lemma coercive_sublevel_bounded:
  fixes F :: "'a::real_normed_vector \<Rightarrow> ereal"
  assumes "(F \<longlongrightarrow> \<infinity>) at_infinity"
  obtains R where "\<And>p. F p \<le> ereal M \<Longrightarrow> norm p \<le> R"
proof -
  have "eventually (\<lambda>p. ereal M < F p) at_infinity"
    using assms by (simp add: tendsto_PInfty)
  then obtain R where "\<And>p. R \<le> norm p \<Longrightarrow> ereal M < F p"
    unfolding eventually_at_infinity by blast
  then show ?thesis using that[of R] by (meson linorder_not_le order_less_imp_le)
qed

lemma interleaved_nonincreasing_le_first:
  fixes a b :: "nat \<Rightarrow> 'a::preorder"
  assumes ab: "\<And>k. a (Suc k) \<le> b k" and ba: "\<And>k. b (Suc k) \<le> a (Suc k)" and "1 \<le> k"
  shows "a k \<le> a 1 \<and> b k \<le> a 1"
  using \<open>1 \<le> k\<close>
proof (induction k rule: dec_induct)
  case base
  then show ?case using ba[of 0] by simp
next
  case (step k)
  then have "a (Suc k) \<le> a 1" using ab[of k] order_trans by blast
  then show ?case using ba[of k] order_trans by blast
qed

lemma limiting_subdiff_add_separable_smooth:
  fixes Q :: "'a::real_inner \<times> 'b::real_inner \<Rightarrow> ereal"
  assumes v: "(vx, vy) \<in> limiting_subdiff Q (a, b)" and Q_not_MInf: "\<And>p. Q p \<noteq> -\<infinity>"
    and f_grad: "\<And>u. GDERIV f u :> f' u" and f'_cont: "isCont f' a"
    and g_grad: "\<And>v. GDERIV g v :> g' v" and g'_cont: "isCont g' b"
  shows "(vx + f' a, vy + g' b) \<in> limiting_subdiff (\<lambda>p. Q p + ereal (f (fst p) + g (snd p))) (a, b)"
proof -
  have "((\<lambda>p. f (fst p) + g (snd p)) has_derivative (\<lambda>h. inner h (f' (fst p), g' (snd p)))) (at p)"
    for p :: "'a \<times> 'b"
  proof -
    have "((\<lambda>p. f (fst p)) has_derivative (\<lambda>h. inner (fst h) (f' (fst p)))) (at p)"
      using diff_chain_at[OF has_derivative_fst[OF has_derivative_ident] f_grad[unfolded gderiv_def]]
      by (simp add: o_def)
    moreover have "((\<lambda>p. g (snd p)) has_derivative (\<lambda>h. inner (snd h) (g' (snd p)))) (at p)"
      using diff_chain_at[OF has_derivative_snd[OF has_derivative_ident] g_grad[unfolded gderiv_def]]
      by (simp add: o_def)
    ultimately show ?thesis
      by (rule has_derivative_eq_rhs[OF has_derivative_add]) (auto simp: inner_prod_def)
  qed
  moreover have "isCont (\<lambda>p. (f' (fst p), g' (snd p))) (a, b)"
    using isCont_o2[where f=fst and a="(a, b)" and g=f'] isCont_o2[where f=snd and a="(a, b)" and g=g'] f'_cont g'_cont
    by (auto intro: continuous_Pair)
  ultimately show ?thesis
    using limiting_subdiff_add_smooth[OF v Q_not_MInf] by fastforce
qed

--- PROBLEM DESCRIPTION ---
All of the material is to be written out exactly.

--- OUTPUT OF THE TASK ---
lemma coercive_sublevel_bounded:
  fixes F :: "'a::real_normed_vector \<Rightarrow> ereal"
  assumes "(F \<longlongrightarrow> \<infinity>) at_infinity"
  obtains R where "\<And>p. F p \<le> ereal M \<Longrightarrow> norm p \<le> R"
proof -
  have "eventually (\<lambda>p. ereal M < F p) at_infinity"
    using assms by (simp add: tendsto_PInfty)
  then obtain R where "\<And>p. R \<le> norm p \<Longrightarrow> ereal M < F p"
    unfolding eventually_at_infinity by blast
  then show ?thesis using that[of R] by (meson linorder_not_le order_less_imp_le)
qed

lemma interleaved_nonincreasing_le_first:
  fixes a b :: "nat \<Rightarrow> 'a::preorder"
  assumes ab: "\<And>k. a (Suc k) \<le> b k" and ba: "\<And>k. b (Suc k) \<le> a (Suc k)" and "1 \<le> k"
  shows "a k \<le> a 1 \<and> b k \<le> a 1"
  using \<open>1 \<le> k\<close>
proof (induction k rule: dec_induct)
  case base
  then show ?case using ba[of 0] by simp
next
  case (step k)
  then have "a (Suc k) \<le> a 1" using ab[of k] order_trans by blast
  then show ?case using ba[of k] order_trans by blast
qed

lemma limiting_subdiff_add_separable_smooth:
  fixes Q :: "'a::real_inner \<times> 'b::real_inner \<Rightarrow> ereal"
  assumes v: "(vx, vy) \<in> limiting_subdiff Q (a, b)" and Q_not_MInf: "\<And>p. Q p \<noteq> -\<infinity>"
    and f_grad: "\<And>u. GDERIV f u :> f' u" and f'_cont: "isCont f' a"
    and g_grad: "\<And>v. GDERIV g v :> g' v" and g'_cont: "isCont g' b"
  shows "(vx + f' a, vy + g' b) \<in> limiting_subdiff (\<lambda>p. Q p + ereal (f (fst p) + g (snd p))) (a, b)"
proof -
  have "((\<lambda>p. f (fst p) + g (snd p)) has_derivative (\<lambda>h. inner h (f' (fst p), g' (snd p)))) (at p)"
    for p :: "'a \<times> 'b"
  proof -
    have "((\<lambda>p. f (fst p)) has_derivative (\<lambda>h. inner (fst h) (f' (fst p)))) (at p)"
      using diff_chain_at[OF has_derivative_fst[OF has_derivative_ident] f_grad[unfolded gderiv_def]]
      by (simp add: o_def)
    moreover have "((\<lambda>p. g (snd p)) has_derivative (\<lambda>h. inner (snd h) (g' (snd p)))) (at p)"
      using diff_chain_at[OF has_derivative_snd[OF has_derivative_ident] g_grad[unfolded gderiv_def]]
      by (simp add: o_def)
    ultimately show ?thesis
      by (rule has_derivative_eq_rhs[OF has_derivative_add]) (auto simp: inner_prod_def)
  qed
  moreover have "isCont (\<lambda>p. (f' (fst p), g' (snd p))) (a, b)"
    using isCont_o2[where f=fst and a="(a, b)" and g=f'] isCont_o2[where f=snd and a="(a, b)" and g=g'] f'_cont g'_cont
    by (auto intro: continuous_Pair)
  ultimately show ?thesis
    using limiting_subdiff_add_smooth[OF v Q_not_MInf] by fastforce
qed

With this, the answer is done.